• INSTRUCTIONS TO FOLLOW:
The records below need copying. Match each line exactly.

• RECORDS TO PROCESS:

text \<open>Carries of the base-b multiplication of (d_0,...,d_k)_b by n:
  c_0 = 0, c_(j+1) = (n d_(k-j) + c_j) div b.\<close>
fun carry :: "nat \<Rightarrow> nat \<Rightarrow> nat \<Rightarrow> nat \<Rightarrow> nat" where
  "carry n b p 0 = 0"
| "carry n b p (Suc j) = (n * digit b p (topidx b p - j) + carry n b p j) div b"

definition symmetric_pal :: "nat \<Rightarrow> nat \<Rightarrow> nat \<Rightarrow> bool" where
  "symmetric_pal n b p \<longleftrightarrow>
     (\<forall>j\<le>topidx b p. carry n b p j = carry n b p (topidx b p - j))"

definition shifted_symmetric_pal :: "nat \<Rightarrow> nat \<Rightarrow> nat \<Rightarrow> bool" where
  "shifted_symmetric_pal n b p \<longleftrightarrow>
     (\<forall>j\<le>topidx b p. carry n b p j = carry n b p (topidx b p - j + 1))"

definition asymmetric_pal :: "nat \<Rightarrow> nat \<Rightarrow> nat \<Rightarrow> bool" where
  "asymmetric_pal n b p \<longleftrightarrow> \<not> symmetric_pal n b p \<and> \<not> shifted_symmetric_pal n b p"

end

theory Submission
  imports Defs
begin

text \<open>
  Let p = n rev(p) be a palintiple with digits d_j and carries c_j. Schoolbook multiplication
  gives n d_(k-j) + c_j = d_j + b c_(j+1), and combining the equations for j and k - j yields
  (n^2 - 1) d_j = b c_(j+1) + n b c_(k-j+1) - n c_(k-j) - c_j.
  Both kinds of symmetry turn out to depend on (n, b) only. If n + 1 divides b, then
  c_j and c_(k-j) are congruent modulo n + 1 and both below n, so every palintiple is
  symmetric; conversely, for a symmetric one the assumed congruence forces c_1 = n - 1 and
  hence b = (n + 1) d_0. A shifted-symmetric palintiple yields (n^2 - 1) | (b - n) c for some
  0 < c < n; as n^2 - 1 is coprime to n and exceeds (n - 1)^2, this divisibility propagates
  c_(j+1) = c_(k-j) by induction through the carries of any other palintiple.
\<close>

definition rev_low :: "nat \<Rightarrow> nat \<Rightarrow> nat \<Rightarrow> nat" where
  "rev_low b p j = (\<Sum>i<j. digit b p (topidx b p - i) * b ^ i)"

lemma revnum_eq_rev_low: "revnum b p = rev_low b p (Suc (topidx b p))"
  unfolding revnum_def rev_low_def by (simp add: lessThan_Suc_atMost)

lemma rev_low_mod_power:
  assumes "j \<le> m"
  shows "rev_low b p m mod b ^ j = rev_low b p j mod b ^ j"
  using assms
proof (induction m rule: dec_induct)
  case (step m)
  obtain t where "b ^ m = b ^ j * t"
    using le_imp_power_dvd[OF \<open>j \<le> m\<close>] by blast
  then have "rev_low b p (Suc m) = rev_low b p m + b ^ j * (digit b p (topidx b p - m) * t)"
    by (simp add: rev_low_def)
  then show ?case
    using step.IH by simp
qed simp

\<comment> \<open>Keep \<open>carry n b p (Suc j)\<close> folded: the digit equations below are stated in terms of it.\<close>
declare carry.simps(2) [simp del]

lemma carry_eq_div:
  assumes "0 < b"
  shows "carry n b p j = n * rev_low b p j div b ^ j"
proof (induction j)
  case (Suc j)
  let ?d = "digit b p (topidx b p - j)"
  have "carry n b p (Suc j) = (n * ?d + carry n b p j) div b"
    by (simp add: carry.simps(2))
  also have "\<dots> = (n * rev_low b p j + n * ?d * b ^ j) div b ^ j div b"
    using assms Suc.IH by simp
  also have "\<dots> = n * rev_low b p (Suc j) div b ^ j div b"
    by (simp add: rev_low_def algebra_simps)
  also have "\<dots> = n * rev_low b p (Suc j) div b ^ Suc j"
    by (simp add: div_mult2_eq power_Suc2 del: power_Suc)
  finally show ?case .
qed (simp add: rev_low_def)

• ANSWER FOR THE TASK:
text \<open>Carries of the base-b multiplication of (d_0,...,d_k)_b by n:
  c_0 = 0, c_(j+1) = (n d_(k-j) + c_j) div b.\<close>
fun carry :: "nat \<Rightarrow> nat \<Rightarrow> nat \<Rightarrow> nat \<Rightarrow> nat" where
  "carry n b p 0 = 0"
| "carry n b p (Suc j) = (n * digit b p (topidx b p - j) + carry n b p j) div b"

definition symmetric_pal :: "nat \<Rightarrow> nat \<Rightarrow> nat \<Rightarrow> bool" where
  "symmetric_pal n b p \<longleftrightarrow>
     (\<forall>j\<le>topidx b p. carry n b p j = carry n b p (topidx b p - j))"

definition shifted_symmetric_pal :: "nat \<Rightarrow> nat \<Rightarrow> nat \<Rightarrow> bool" where
  "shifted_symmetric_pal n b p \<longleftrightarrow>
     (\<forall>j\<le>topidx b p. carry n b p j = carry n b p (topidx b p - j + 1))"

definition asymmetric_pal :: "nat \<Rightarrow> nat \<Rightarrow> nat \<Rightarrow> bool" where
  "asymmetric_pal n b p \<longleftrightarrow> \<not> symmetric_pal n b p \<and> \<not> shifted_symmetric_pal n b p"

end

theory Submission
  imports Defs
begin

text \<open>
  Let p = n rev(p) be a palintiple with digits d_j and carries c_j. Schoolbook multiplication
  gives n d_(k-j) + c_j = d_j + b c_(j+1), and combining the equations for j and k - j yields
  (n^2 - 1) d_j = b c_(j+1) + n b c_(k-j+1) - n c_(k-j) - c_j.
  Both kinds of symmetry turn out to depend on (n, b) only. If n + 1 divides b, then
  c_j and c_(k-j) are congruent modulo n + 1 and both below n, so every palintiple is
  symmetric; conversely, for a symmetric one the assumed congruence forces c_1 = n - 1 and
  hence b = (n + 1) d_0. A shifted-symmetric palintiple yields (n^2 - 1) | (b - n) c for some
  0 < c < n; as n^2 - 1 is coprime to n and exceeds (n - 1)^2, this divisibility propagates
  c_(j+1) = c_(k-j) by induction through the carries of any other palintiple.
\<close>

definition rev_low :: "nat \<Rightarrow> nat \<Rightarrow> nat \<Rightarrow> nat" where
  "rev_low b p j = (\<Sum>i<j. digit b p (topidx b p - i) * b ^ i)"

lemma revnum_eq_rev_low: "revnum b p = rev_low b p (Suc (topidx b p))"
  unfolding revnum_def rev_low_def by (simp add: lessThan_Suc_atMost)

lemma rev_low_mod_power:
  assumes "j \<le> m"
  shows "rev_low b p m mod b ^ j = rev_low b p j mod b ^ j"
  using assms
proof (induction m rule: dec_induct)
  case (step m)
  obtain t where "b ^ m = b ^ j * t"
    using le_imp_power_dvd[OF \<open>j \<le> m\<close>] by blast
  then have "rev_low b p (Suc m) = rev_low b p m + b ^ j * (digit b p (topidx b p - m) * t)"
    by (simp add: rev_low_def)
  then show ?case
    using step.IH by simp
qed simp

\<comment> \<open>Keep \<open>carry n b p (Suc j)\<close> folded: the digit equations below are stated in terms of it.\<close>
declare carry.simps(2) [simp del]

lemma carry_eq_div:
  assumes "0 < b"
  shows "carry n b p j = n * rev_low b p j div b ^ j"
proof (induction j)
  case (Suc j)
  let ?d = "digit b p (topidx b p - j)"
  have "carry n b p (Suc j) = (n * ?d + carry n b p j) div b"
    by (simp add: carry.simps(2))
  also have "\<dots> = (n * rev_low b p j + n * ?d * b ^ j) div b ^ j div b"
    using assms Suc.IH by simp
  also have "\<dots> = n * rev_low b p (Suc j) div b ^ j div b"
    by (simp add: rev_low_def algebra_simps)
  also have "\<dots> = n * rev_low b p (Suc j) div b ^ Suc j"
    by (simp add: div_mult2_eq power_Suc2 del: power_Suc)
  finally show ?case .
qed (simp add: rev_low_def)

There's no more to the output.